TASK DETAILS:
Throughout the records below, find the lines with the string "thesis" and give how many there are, nothing else.

[Stored data entries]
************

lemma has_derivative_quadratic_remainder:
  fixes F :: "'a::real_normed_vector \<Rightarrow> real"
  assumes "bounded_linear L"
    and remainder: "\<And>e. \<bar>F (x + e) - F x - L e\<bar> \<le> K * (norm e)\<^sup>2"
  shows "(F has_derivative L) (at x)"
proof -
  have "\<forall>\<^sub>F y in at x. norm (norm (F y - F x - L (y - x)) / norm (y - x)) \<le> K * norm (y - x)"
    unfolding eventually_at_filter
  proof (intro always_eventually allI impI)
    fix y assume "y \<noteq> x"
    then have "\<bar>F y - F x - L (y - x)\<bar> / norm (y - x) \<le> K * (norm (y - x))\<^sup>2 / norm (y - x)"
      using remainder[of "y - x"] by (intro divide_right_mono) auto
    with \<open>y \<noteq> x\<close> show "norm (norm (F y - F x - L (y - x)) / norm (y - x)) \<le> K * norm (y - x)"
      by (simp add: power2_eq_square)
  qed
  moreover have "((\<lambda>y. K * norm (y - x)) \<longlongrightarrow> 0) (at x)"
    by (intro tendsto_mult_right_zero tendsto_norm_zero LIM_zero tendsto_ident_at)
  ultimately have "((\<lambda>y. norm (F y - F x - L (y - x)) / norm (y - x)) \<longlongrightarrow> 0) (at x)"
    by (rule Lim_null_comparison)
  then show ?thesis
    using assms(1) by (simp add: has_derivative_iff_norm)
qed

lemma quadratic_growth_at_minimum:
  fixes g :: "'a::real_inner \<Rightarrow> real"
  assumes cvx: "convex_on UNIV (\<lambda>y. g y - c / 2 * (norm y)\<^sup>2)"
    and min: "\<And>y. g z \<le> g y"
  shows "g z + c / 2 * (norm (y - z))\<^sup>2 \<le> g y"
proof -
  let ?h = "\<lambda>y. g y - c / 2 * (norm y)\<^sup>2"
  (* Minimality of z against the point z + t (y - z) gives the bound up to the factor 1 - t. *)
  have "(1 - t) * (c / 2 * (norm (y - z))\<^sup>2) \<le> g y - g z" if t: "0 < t" "t < 1" for t
  proof -
    let ?zt = "(1 - t) *\<^sub>R z + t *\<^sub>R y"
    have "g z \<le> ?h ?zt + c / 2 * (norm ?zt)\<^sup>2"
      using min[of ?zt] by simp
    also have "\<dots> \<le> (1 - t) * ?h z + t * ?h y + c / 2 * (norm ?zt)\<^sup>2"
      using convex_onD[OF cvx, of t z y] t by simp
    also have "\<dots> = (1 - t) * g z + t * g y - t * ((1 - t) * (c / 2 * (norm (y - z))\<^sup>2))"
      unfolding norm_convex_combination_sq
      by (simp add: norm_minus_commute algebra_simps diff_divide_distrib add_divide_distrib)
    finally have "t * ((1 - t) * (c / 2 * (norm (y - z))\<^sup>2)) \<le> t * (g y - g z)"
      by (simp add: algebra_simps)
    then show ?thesis using t by simp
  qed
  then have "c / 2 * (norm (y - z))\<^sup>2 \<le> g y - g z"
    by (rule le_of_forall_less_one_mult)
  then show ?thesis by simp
qed

lemma weakly_convex_prox_strongly_convex:
  fixes f :: "'a::euclidean_space \<Rightarrow> real"
  assumes "weakly_convex m f"
  shows "convex_on UNIV (\<lambda>y. f y + \<alpha> / 2 * (norm (y - x))\<^sup>2 - (\<alpha> - m) / 2 * (norm y)\<^sup>2)"
proof -
  have "convex_on UNIV (\<lambda>y. f y + m / 2 * (norm y)\<^sup>2)"
    using assms unfolding weakly_convex_def by simp
  moreover have "convex_on UNIV (\<lambda>y. inner (- \<alpha> *\<^sub>R x) y + \<alpha> / 2 * (norm x)\<^sup>2)"
    by (rule convex_onI) (simp_all add: inner_add_right algebra_simps diff_divide_distrib)
  ultimately have "convex_on UNIV
      (\<lambda>y. (f y + m / 2 * (norm y)\<^sup>2) + (inner (- \<alpha> *\<^sub>R x) y + \<alpha> / 2 * (norm x)\<^sup>2))"
    by (rule convex_on_add)
  also have "(\<lambda>y. (f y + m / 2 * (norm y)\<^sup>2) + (inner (- \<alpha> *\<^sub>R x) y + \<alpha> / 2 * (norm x)\<^sup>2))
      = (\<lambda>y. f y + \<alpha> / 2 * (norm (y - x))\<^sup>2 - (\<alpha> - m) / 2 * (norm y)\<^sup>2)"
    unfolding power2_norm_eq_inner
    by (rule ext)
      (simp add: inner_diff_left inner_diff_right inner_commute algebra_simps diff_divide_distrib)
  finally show ?thesis .
qed

lemma moreau_env_le:
  assumes "bdd_below (range (\<lambda>y. f y + \<alpha> / 2 * (norm (y - z))\<^sup>2))"
  shows "moreau_env f \<alpha> z \<le> f y + \<alpha> / 2 * (norm (y - z))\<^sup>2"
  unfolding moreau_env_def using assms by (rule cINF_lower) simp

lemma moreau_env_ge:
  assumes "\<And>y. b \<le> f y + \<alpha> / 2 * (norm (y - z))\<^sup>2"
  shows "b \<le> moreau_env f \<alpha> z"
  unfolding moreau_env_def using assms by (intro cINF_greatest) auto

lemma moreau_env_eq_minimum:
  assumes "\<And>y. f xh + \<alpha> / 2 * (norm (xh - x))\<^sup>2 \<le> f y + \<alpha> / 2 * (norm (y - x))\<^sup>2"
  shows "moreau_env f \<alpha> x = f xh + \<alpha> / 2 * (norm (xh - x))\<^sup>2"
proof (rule antisym)
  show "moreau_env f \<alpha> x \<le> f xh + \<alpha> / 2 * (norm (xh - x))\<^sup>2"
    using assms by (intro moreau_env_le bdd_belowI2)
  show "f xh + \<alpha> / 2 * (norm (xh - x))\<^sup>2 \<le> moreau_env f \<alpha> x"
    using assms by (rule moreau_env_ge)
qed

lemma moreau_env_has_derivative:
  fixes f :: "'a::euclidean_space \<Rightarrow> real"
  assumes "c > 0"
    and growth: "\<And>y. f xh + \<alpha> / 2 * (norm (xh - x))\<^sup>2 + c / 2 * (norm (y - xh))\<^sup>2
                    \<le> f y + \<alpha> / 2 * (norm (y - x))\<^sup>2"
  shows "(moreau_env f \<alpha> has_derivative (\<lambda>h. inner (\<alpha> *\<^sub>R (x - xh)) h)) (at x)"
proof (rule has_derivative_quadratic_remainder)
  let ?K = "\<bar>\<alpha>\<bar> / 2 + \<alpha>\<^sup>2 / (2 * c)"
  define d where "d = x - xh"
  define p where "p = f xh + \<alpha> / 2 * (norm (xh - x))\<^sup>2"
  have shifted_sq: "\<alpha> / 2 * (norm (u - (x + e)))\<^sup>2
      = \<alpha> / 2 * (norm (u - x))\<^sup>2 - \<alpha> * inner (u - x) e + \<alpha> / 2 * (norm e)\<^sup>2" for u e
    unfolding power2_norm_eq_inner
    by (simp add: inner_diff_left inner_diff_right inner_commute algebra_simps)
  have "p \<le> f y + \<alpha> / 2 * (norm (y - x))\<^sup>2" for y
  proof -
    have "0 \<le> c / 2 * (norm (y - xh))\<^sup>2"
      using \<open>c > 0\<close> by simp
    then show ?thesis
      using growth[of y] unfolding p_def by linarith
  qed
  then have env_x: "moreau_env f \<alpha> x = p"
    unfolding p_def by (rule moreau_env_eq_minimum)
  fix e
  (* The envelope at x + e lies above the quadratic growth bound (via Young's inequality) and
     below the objective at the test point xh; both bounds agree up to O(|e|^2). *)
  have lower: "p + \<alpha> * inner d e + \<alpha> / 2 * (norm e)\<^sup>2 - \<alpha>\<^sup>2 / (2 * c) * (norm e)\<^sup>2
      \<le> f y + \<alpha> / 2 * (norm (y - (x + e)))\<^sup>2" for y
  proof -
    have "inner (y - x) e = inner (y - xh) e - inner d e"
      unfolding d_def by (simp add: inner_diff_left)
    moreover have "\<alpha> * inner (y - xh) e \<le> c / 2 * (norm (y - xh))\<^sup>2 + \<alpha>\<^sup>2 / (2 * c) * (norm e)\<^sup>2"
      using \<open>c > 0\<close> by (rule inner_le_Young)
    ultimately show ?thesis
      using growth[of y] unfolding p_def shifted_sq by (simp add: right_diff_distrib)
  qed
  have upper: "moreau_env f \<alpha> (x + e) \<le> p + \<alpha> * inner d e + \<alpha> / 2 * (norm e)\<^sup>2"
  proof -
    have "moreau_env f \<alpha> (x + e) \<le> f xh + \<alpha> / 2 * (norm (xh - (x + e)))\<^sup>2"
      using lower by (intro moreau_env_le bdd_belowI2)
    then show ?thesis
      unfolding p_def d_def shifted_sq by (simp add: inner_diff_left algebra_simps)
  qed
  have "p + \<alpha> * inner d e + \<alpha> / 2 * (norm e)\<^sup>2 - \<alpha>\<^sup>2 / (2 * c) * (norm e)\<^sup>2 \<le> moreau_env f \<alpha> (x + e)"
    using lower by (rule moreau_env_ge)
  moreover have "0 \<le> \<alpha>\<^sup>2 / (2 * c)"
    using \<open>c > 0\<close> by simp
  then have "\<alpha> / 2 * (norm e)\<^sup>2 \<le> ?K * (norm e)\<^sup>2"
    "- ?K * (norm e)\<^sup>2 \<le> (\<alpha> / 2 - \<alpha>\<^sup>2 / (2 * c)) * (norm e)\<^sup>2"
    by (intro mult_right_mono zero_le_power2; linarith)+
  ultimately show "\<bar>moreau_env f \<alpha> (x + e) - moreau_env f \<alpha> x - inner (\<alpha> *\<^sub>R (x - xh)) e\<bar>
      \<le> ?K * (norm e)\<^sup>2"
    using upper unfolding env_x d_def abs_le_iff inner_scaleR_left left_diff_distrib mult_minus_left
    by linarith
qed (rule bounded_linear_inner_right)

lemma prox_residual_in_eps_subdiff:
  fixes f :: "'a::euclidean_space \<Rightarrow> real"
  assumes "\<rho> \<ge> 0"
    and growth: "\<And>y. f xh + (m + \<rho>) / 2 * (norm (xh - x))\<^sup>2 + \<rho> / 2 * (norm (y - xh))\<^sup>2
                    \<le> f y + (m + \<rho>) / 2 * (norm (y - x))\<^sup>2"
  shows "\<rho> *\<^sub>R (x - xh) \<in> eps_subdiff m f (f x - (f xh + (m + \<rho>) / 2 * (norm (xh - x))\<^sup>2)) x"
  unfolding eps_subdiff_def
proof (intro CollectI allI)
  fix y
  have "(norm (y - xh))\<^sup>2 = (norm (y - x))\<^sup>2 + 2 * inner (x - xh) (y - x) + (norm (x - xh))\<^sup>2"
    unfolding power2_norm_eq_inner
    by (simp add: inner_diff_left inner_diff_right inner_commute algebra_simps)
  then have "\<rho> / 2 * (norm (y - xh))\<^sup>2
      = \<rho> / 2 * (norm (y - x))\<^sup>2 + \<rho> * inner (x - xh) (y - x) + \<rho> / 2 * (norm (x - xh))\<^sup>2"
    by (simp add: distrib_left)
  moreover have "(m + \<rho>) / 2 * (norm (y - x))\<^sup>2 = m / 2 * (norm (y - x))\<^sup>2 + \<rho> / 2 * (norm (y - x))\<^sup>2"
    by (simp add: add_divide_distrib distrib_right)
  moreover have "0 \<le> \<rho> / 2 * (norm (x - xh))\<^sup>2"
    using assms(1) by simp
  ultimately show "f x + inner (\<rho> *\<^sub>R (x - xh)) (y - x) - m / 2 * (norm (y - x))\<^sup>2
      - (f x - (f xh + (m + \<rho>) / 2 * (norm (xh - x))\<^sup>2)) \<le> f y"
    using growth[of y] unfolding inner_scaleR_left by linarith
qed

theorem mainTheorem9:
  fixes f :: "'a::euclidean_space \<Rightarrow> real" and m \<rho> \<alpha> \<Delta> :: real and x xh w :: 'a
  assumes "m \<ge> 0"
    and "weakly_convex m f"
    and "\<rho> > 0"
    and "\<alpha> = m + \<rho>"
    and "\<Delta> = f x - moreau_env f \<alpha> x"
    and "\<forall>y. f xh + \<alpha> / 2 * (norm (xh - x))\<^sup>2 \<le> f y + \<alpha> / 2 * (norm (y - x))\<^sup>2"
    and "w = \<rho> *\<^sub>R (x - xh)"
  shows "w \<in> eps_subdiff m f \<Delta> x \<and> norm w \<le> sqrt (2 * \<rho> * \<Delta>)
         \<and> inexact_stationary m f (sqrt (2 * \<rho> * \<Delta>)) \<Delta> x
         \<and> moreau_stationary f (sqrt (2 * \<alpha>\<^sup>2 * \<Delta> / \<rho>)) \<alpha> x"
proof -
  have growth: "f xh + \<alpha> / 2 * (norm (xh - x))\<^sup>2 + \<rho> / 2 * (norm (y - xh))\<^sup>2
      \<le> f y + \<alpha> / 2 * (norm (y - x))\<^sup>2" for y
    using quadratic_growth_at_minimum[where g = "\<lambda>y. f y + \<alpha> / 2 * (norm (y - x))\<^sup>2",
        OF weakly_convex_prox_strongly_convex[OF assms(2)]] assms(4,6) by simp
  have env: "moreau_env f \<alpha> x = f xh + \<alpha> / 2 * (norm (xh - x))\<^sup>2"
    using assms(6) by (intro moreau_env_eq_minimum) simp
  have gap: "\<rho> / 2 * (norm (x - xh))\<^sup>2 \<le> \<Delta>"
    using growth[of x] unfolding assms(5) env by (simp add: norm_minus_commute)
  have subgradient: "w \<in> eps_subdiff m f \<Delta> x"
    using prox_residual_in_eps_subdiff[of \<rho> f xh m x] growth assms(3,4,5,7) env by simp
  have "2 * \<rho>\<^sup>2 * \<Delta> / \<rho> = 2 * \<rho> * \<Delta>"
    using assms(3) by (simp add: power2_eq_square)
  then have norm_w: "norm w \<le> sqrt (2 * \<rho> * \<Delta>)"
    using norm_scaleR_le_sqrt[OF assms(3) gap, of \<rho>] assms(7) by simp
  have "inexact_stationary m f (sqrt (2 * \<rho> * \<Delta>)) \<Delta> x"
    unfolding inexact_stationary_def using infdist_le[OF subgradient, of 0] norm_w by simp
  moreover have "moreau_stationary f (sqrt (2 * \<alpha>\<^sup>2 * \<Delta> / \<rho>)) \<alpha> x"
    unfolding moreau_stationary_def
    using moreau_env_has_derivative[OF assms(3) growth] norm_scaleR_le_sqrt[OF assms(3) gap] by blast
  ultimately show ?thesis
    using subgradient norm_w by blast
qed

end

************

ANSWER SPACE:
8